Three Questions for Ed Hill and Kelley Williams

Three Questions For
Ed Hill is a Partner at FTP and a recognized expert in financial services policy and advocacy. With over 30 years of experience in the field, he advises and works with clients who have policy issues before Congress and financial regulators. Most recently, Ed served as Senior Vice President and Head of Government Affairs for the Bank Policy Institute. In that role, he helped lead BPI’s federal advocacy efforts on member company priorities, including those in capital and liquidity, consumer banking, technology, and national security.
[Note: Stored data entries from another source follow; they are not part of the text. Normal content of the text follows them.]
lemma dyadic_level_eq_card:
  assumes "k \<in> Jq q"
  shows "dyadic_level (centered_vec q k) = card {j \<in> {..<q}. \<not> (\<forall>i. centered_vec q k $ i \<in> window j)}"
proof -
  let ?v = "centered_vec q k"
  note win = centered_vec_in_window[OF assms]
  have "j < q \<and> \<not> (\<forall>i. ?v $ i \<in> window j) \<longleftrightarrow> j < dyadic_level ?v" for j
  proof
    assume j: "j < q \<and> \<not> (\<forall>i. ?v $ i \<in> window j)"
    show "j < dyadic_level ?v"
    proof (rule ccontr)
      assume "\<not> j < dyadic_level ?v"
      hence "\<forall>i. ?v $ i \<in> window j"
        by (intro allI in_window_above_dyadic_level[OF win]) simp
      with j show False by simp
    qed
  next
    assume "j < dyadic_level ?v"
    thus "j < q \<and> \<not> (\<forall>i. ?v $ i \<in> window j)"
      using not_in_window_below_dyadic_level[of j ?v] dyadic_level_le[OF win] by simp
  qed
  hence "{j \<in> {..<q}. \<not> (\<forall>i. ?v $ i \<in> window j)} = {..<dyadic_level ?v}"
    by auto
  thus ?thesis by simp
qed

lemma sum_dyadic_level:
  "(\<Sum>k\<in>(Jq q :: (int^'d::finite) set). real (dyadic_level (centered_vec q k))) =
     real q * 2 ^ (q * CARD('d)) - (\<Sum>j<q. 2 ^ (j * CARD('d)))"
proof -
  let ?J = "Jq q :: (int^'d::finite) set"
  let ?P = "\<lambda>k j. \<forall>i. centered_vec q k $ i \<in> window j"
  have level: "real (dyadic_level (centered_vec q k)) = (\<Sum>j<q. 1 - of_bool (?P k j))"
    if "k \<in> ?J" for k
  proof -
    have "(\<Sum>j<q. 1 - of_bool (?P k j) :: real) = (\<Sum>j<q. of_bool (\<not> ?P k j))"
      by (simp only: of_bool_not_iff)
    also have "\<dots> = real (card ({..<q} \<inter> {j. \<not> ?P k j}))"
      by (intro sum_of_bool_eq finite_lessThan)
    also have "{..<q} \<inter> {j. \<not> ?P k j} = {j \<in> {..<q}. \<not> ?P k j}"
      by blast
    finally show ?thesis by (simp only: dyadic_level_eq_card[OF that])
  qed
  have "(\<Sum>k\<in>?J. real (dyadic_level (centered_vec q k))) = (\<Sum>k\<in>?J. \<Sum>j<q. 1 - of_bool (?P k j))"
    by (rule sum.cong) (simp_all add: level)
  also have "\<dots> = (\<Sum>j<q. \<Sum>k\<in>?J. 1 - of_bool (?P k j))"
    by (rule sum.swap)
  also have "\<dots> = (\<Sum>j<q. 2 ^ (q * CARD('d)) - 2 ^ (j * CARD('d)) :: real)"
  proof (intro sum.cong refl)
    fix j assume "j \<in> {..<q}"
    have "(\<Sum>k\<in>?J. of_bool (?P k j)) = real (card {k \<in> ?J. ?P k j})"
      by (subst sum_of_bool_eq) (simp_all add: finite_Jq Collect_conj_eq)
    thus "(\<Sum>k\<in>?J. 1 - of_bool (?P k j)) = 2 ^ (q * CARD('d)) - (2 ^ (j * CARD('d)) :: real)"
      using \<open>j \<in> {..<q}\<close> by (simp add: sum_subtractf card_Jq card_Jq_centered_in_window)
  qed
  finally show ?thesis by (simp add: sum_subtractf)
qed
Kelley Williams is a Partner at FTP. She handles a diverse portfolio of issues, but her specialty is in financial services, insurance, and banking. She also lobbies on transportation, telecom, fintech, and energy issues for the firm’s clients. In her 15 years as a senior government relations professional, she has successfully demonstrated an ability to craft and implement complex legislative strategies for her clients while leveraging relationships and resources across multiple sectors.
How will the new Congress address potential regulatory reforms to the financial system?

Newly elected Chairs of the House Financial Services Committee and Senate Banking Committee, Rep. French Hill (R-AR) and Senator Tim Scott (R-SC), have committed to pushing policies to reduce the regulatory burden to free all segments of the financial sector to serve their customers better. Several areas of regulatory burdens that the two Chairs may address include streamlining the bank merger process so that smaller institutions can build scale to better compete, reducing the burden for emerging companies seeking to access public markets, and focusing on streamlining efficiencies in housing programs.


Will financial regulators modernize regulation of emerging technologies, particularly in regulating digital assets, fintech companies, and ensuring privacy safeguards for consumers? 

The regulators appointed by President Joe Biden were quite active. The CFPB proposed or finalized regulations addressing Earned Wage Access, Buy Now Pay Later, large market participants such as PayPal, Apple, and Zelle, and open banking intended to give consumers greater access to their data. Further, bank regulators placed new requirements on the banks looking to engage in “novel activities,” including certain crypto activities. The SEC has also made it harder for certain crypto activities to be conducted by both crypto-native firms and traditional financial institutions.

New regulators appointed by President-elect Donald Trump will look to roll back many of these and, where possible, provide greater regulatory certainty to promote innovation. This is particularly true for digital asset companies which have sought greater regulatory clarity for their products.


Will reform of the Government-Sponsored Enterprises (i.e., Fannie Mae and Freddie Mac) be tackled in the next two years?

With a united Republican government, the likelihood of GSE reform increases, but other factors at play may prove a challenging environment to finally remove the GSEs from conservatorship. For one, this is an incredibly thorny issue that has eluded even previous bipartisan attempts at reform. Further, each party has different objectives (i.e., increasing affordable housing/the government playing less of a role in the housing market), and with a slim majority in the House, this could prove an insurmountable obstacle.

The current discussion about how to sequence reconciliation and what may be used as a pay-for, could ultimately fast-track a process that needs considerable thought and cooperation to ensure no adverse effects on an already tenuous housing market.